Но в какой-то момент всё стало меняться. Макс чуть приоткрыл глаза — просто из любопытства, посмотреть, что происходит — и встретился взглядом с Воскресенским. Взгляд фотографа скользил по всему его обнажённому телу от лица до ног, пронизывающий, ищущий, внимательный. В нём не было обычного холодного пренебрежения, он был заинтересованным, мягким, почти ласкающим, словно, впервые видящим. И Максу это не было неприятно, скорее наоборот: он хотел, чтобы на него так смотрели, даже если это был гад Воскресенский… Особенно если это был Воскресенский.

Он вспоминал снимки с предыдущих фотосессий: камера Ви умела разглядеть в нём нечто прекрасное, чувственное, необычное, чего не знал о себе даже он сам, и выпустить это наружу, показать всем; но ведь дело не могло быть только в камере, это фотограф видел его так. А их недавний разговор?.. В ушах до сих пор звучал низкий, спокойный, убеждающий голос. А то, что произошло вчера? Сегодня он уже почти не жалел об этом… Ему было только немного стыдно, что он не чувствовал отвращения или ещё чего-то в этом роде, ему было, скорее, просто любопытно. И приятно. Чёрт, ему же на самом деле было приятно, когда Воскресенский целовал его! Эта пьяная скотина лапала его, а ему было приятно.
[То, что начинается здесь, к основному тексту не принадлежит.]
definition bordered :: "(real \<times> real \<Rightarrow> complex) \<times> complex \<Rightarrow> (real \<times> real \<Rightarrow> complex) \<times> complex" where
  "bordered w = ((\<lambda>p. T (fst w) p + v * snd w * d p), v * ip d (fst w) + complex_of_real b * snd w)"

definition resolvent_reals :: "real set" where
  "resolvent_reals = {t. in_resolvent T (complex_of_real t)}"

definition res_sol :: "real \<Rightarrow> real \<times> real \<Rightarrow> complex" where
  "res_sol t = (SOME \<phi>. \<phi> \<in> L2 \<and> (AE p in nu. T \<phi> p - complex_of_real t * \<phi> p = - v * d p))"

definition res_bound :: "real \<Rightarrow> real" where
  "res_bound t = (SOME C. \<forall>\<phi>\<in>L2. L2norm \<phi> \<le> C * L2norm (\<lambda>p. T \<phi> p - complex_of_real t * \<phi> p))"

text \<open>\<open>b - schur t\<close> is the Schur complement of \<open>T - t\<close> in \<open>bordered - t\<close>.\<close>
definition schur :: "real \<Rightarrow> real" where
  "schur t = t - Re (v * ip (res_sol t) d)"

lemma
  assumes t: "t \<in> resolvent_reals"
  shows res_sol_L2: "res_sol t \<in> L2"
    and res_sol_eq: "AE p in nu. T (res_sol t) p = complex_of_real t * res_sol t p - v * d p"
proof -
  have "\<exists>\<phi>\<in>L2. AE p in nu. T \<phi> p - complex_of_real t * \<phi> p = - v * d p"
    using t L2_cmult[OF d_L2, of "- v"] unfolding resolvent_reals_def in_resolvent_def by simp
  then have "res_sol t \<in> L2 \<and> (AE p in nu. T (res_sol t) p - complex_of_real t * res_sol t p = - v * d p)"
    unfolding res_sol_def by (intro someI_ex[where P="\<lambda>\<phi>. \<phi> \<in> L2 \<and> _ \<phi>"]) blast
  then show "res_sol t \<in> L2" "AE p in nu. T (res_sol t) p = complex_of_real t * res_sol t p - v * d p"
    by (auto elim: AE_mp simp: algebra_simps)
qed

lemma L2norm_le_res_bound:
  assumes t: "t \<in> resolvent_reals" and \<phi>: "\<phi> \<in> L2"
  shows "L2norm \<phi> \<le> res_bound t * L2norm (\<lambda>p. T \<phi> p - complex_of_real t * \<phi> p)"
proof -
  have "\<exists>C. \<forall>\<phi>\<in>L2. L2norm \<phi> \<le> C * L2norm (\<lambda>p. T \<phi> p - complex_of_real t * \<phi> p)"
    using t unfolding resolvent_reals_def in_resolvent_def by blast
  then have "\<forall>\<phi>\<in>L2. L2norm \<phi> \<le> res_bound t * L2norm (\<lambda>p. T \<phi> p - complex_of_real t * \<phi> p)"
    unfolding res_bound_def by (rule someI_ex)
  then show ?thesis using \<phi> by blast
qed
(* A sextic form F(x,z) that is not squarefree is either zero, or divisible by z^2
   (its two top coefficients f_5, f_6 vanish), or its dehomogenisation p(x) = F(x,1)
   has a repeated factor, p = g^2 h with deg g >= 1.  The first two cases contribute
   at most 1 + (2N+1)^5 vectors.  For the third we bound the coefficients of g and h
   through Mahler measures: M(p) <= sqrt 7 * N (Landau), M is multiplicative and
   bounds each coefficient up to a binomial factor (Mignotte).  If m is the largest
   coefficient of g, then m^2 <= 192 N and all coefficients of h are at most
   3072 N / m^2, so the number of such p is O(sum_m m^4 (N/m^2)^5) = O(N^5).
   Conversely all forms with f_0 = f_1 = 0 are divisible by x^2, giving at least
   (2N+1)^5 non-squarefree forms.  The estimate for the squarefree forms follows
   since the box has (2N+1)^7 = (2N)^7 + O(N^6) elements. *)

definition dehom :: "int list \<Rightarrow> int poly" where
  "dehom fs = (\<Sum>j<7. Polynomial.monom (fs ! j) j)"

lemma coeff_dehom: "poly.coeff (dehom fs) k = (if k < 7 then fs ! k else 0)"
  unfolding dehom_def by (simp add: coeff_sum coeff_monom)

lemma sextic_form_at_1: "poly (sextic_form fs) 1 = dehom fs"
  unfolding sextic_form_def dehom_def by (simp add: poly_sum poly_monom)

lemma degree_dehom: "degree (dehom fs) \<le> 6"
  by (rule degree_le) (simp add: coeff_dehom)

lemma dehom_eq_iff:
  assumes "length fs = 7" "length gs = 7"
  shows "dehom fs = dehom gs \<longleftrightarrow> fs = gs"
proof
  assume e: "dehom fs = dehom gs"
  show "fs = gs"
  proof (rule nth_equalityI)
    fix i assume "i < length fs"
    thus "fs ! i = gs ! i" using arg_cong[OF e, of "\<lambda>p. poly.coeff p i"] assms
      by (simp add: coeff_dehom)
  qed (use assms in simp)
qed simp

lemma dehom_replicate_0: "dehom (replicate 7 0) = 0"
  unfolding dehom_def by (simp add: nth_replicate)

lemma coeff_sextic_form_z0: "poly.coeff (sextic_form fs) 0 = Polynomial.monom (fs ! 6) 6"
  and coeff_sextic_form_z1: "poly.coeff (sextic_form fs) 1 = Polynomial.monom (fs ! 5) 5"
  unfolding sextic_form_def by (simp_all add: coeff_sum coeff_monom eval_nat_numeral lessThan_Suc)

lemma hom_form_coeff_at_1:
  assumes "hom_form d G"
  shows "poly.coeff (poly G 1) d = poly.coeff (poly.coeff G 0) d"
proof -
  have "poly.coeff (poly G 1) d = (\<Sum>i\<le>degree G. poly.coeff (poly.coeff G i) d)"
    by (simp add: poly_altdef coeff_sum)
  also have "\<dots> = (\<Sum>i\<le>degree G. if i = 0 then poly.coeff (poly.coeff G 0) d else 0)"
    using assms unfolding hom_form_def by (intro sum.cong) (auto, metis add_cancel_right_left less_irrefl)
  finally show ?thesis by simp
qed

lemma nonconst_form_at_1_constant:
  assumes "nonconst_form G" "degree (poly G 1) = 0"
  shows "poly.coeff G 0 = 0"
proof -
  obtain d where d: "d \<ge> 1" "hom_form d G" using assms(1) by (auto simp: nonconst_form_def)
  have "poly.coeff (poly.coeff G 0) j = 0" for j
  proof (cases "j = d")
    case True
    have "poly.coeff (poly G 1) d = 0" using assms(2) d(1) by (simp add: coeff_eq_0)
    thus ?thesis using hom_form_coeff_at_1[OF d(2)] True by simp
  next
    case False thus ?thesis using d(2) unfolding hom_form_def by (metis add_0)
  qed
  thus ?thesis by (simp add: poly_eq_iff)
qed

lemma not_squarefree_cases:
  assumes "length fs = 7" "\<not> squarefree_form (sextic_form fs)"
  shows "fs = replicate 7 0 \<or> (fs ! 5 = 0 \<and> fs ! 6 = 0) \<or>
         (dehom fs \<noteq> 0 \<and> (\<exists>g h. degree g \<ge> 1 \<and> dehom fs = g ^ 2 * h))"
proof (cases "dehom fs = 0")
  case True
  thus ?thesis using dehom_eq_iff[OF assms(1), of "replicate 7 0"] dehom_replicate_0 by simp
next
  case False
  hence "sextic_form fs \<noteq> 0" using sextic_form_at_1[of fs] by auto
  then obtain G K where G: "nonconst_form G" and K: "sextic_form fs = G ^ 2 * K"
    using assms(2) by (auto simp: squarefree_form_def elim: dvdE)
  show ?thesis
  proof (cases "degree (poly G 1) = 0")
    case False
    have "dehom fs = (poly G 1) ^ 2 * poly K 1"
      using K sextic_form_at_1[of fs] by (simp add: poly_mult poly_power)
    thus ?thesis using False \<open>dehom fs \<noteq> 0\<close> by (metis less_one not_le)
  next
    case True
    have G0: "poly.coeff G 0 = 0" using nonconst_form_at_1_constant[OF G True] .
    have "poly.coeff (sextic_form fs) 0 = 0" "poly.coeff (sextic_form fs) 1 = 0"
      unfolding K by (simp_all add: power2_eq_square coeff_mult G0 mult.assoc)
    thus ?thesis using coeff_sextic_form_z0[of fs] coeff_sextic_form_z1[of fs] by simp
  qed
qed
От этих мыслей можно было сойти с ума. Макс не привык задумываться о таких вещах — о собственных чувствах и ощущениях. Раньше — с девушками — они всегда были просты и однозначны, а эти… Эти сбивали его с толку и пугали.

Он выскочил из-под душа, завернулся в полотенце, схватил свои джинсы и вылетел из ванной.

— Не могу больше! — выпалил он сердито и одновременно виновато, захлопывая за собой дверь.

— Макс, ты чё?! — окрикнула его Соня, бросаясь за ним. — Ну-ка вернись! Совсем сдурел…

— Пусть идёт, — остановил её Воскресенский. — Хорошо поснимали. Там есть рабочие кадры…

Глава 8

Макс вместе с Соней и сумками с аппаратурой поднимался на отделанном розовым мрамором лифте. Ассистентка рассматривала себя в огромном зеркале:

— Отличное освещение в лифте, очень правильное. Так бы и устроила тут фотосессию себя любимой.

Макс уныло молчал. Эта съёмка стала бы последней, если бы им не нужно было переснимать сюжет с розами, сорвавшийся из-за макияжа и дождя. В тот же самый сад возле церкви они должны были поехать на следующий день. Сегодня же предстояла ещё одна не очень приятная фотосессия, а он после вчерашней ещё не отошёл. Всё тело ломило, особенно спину.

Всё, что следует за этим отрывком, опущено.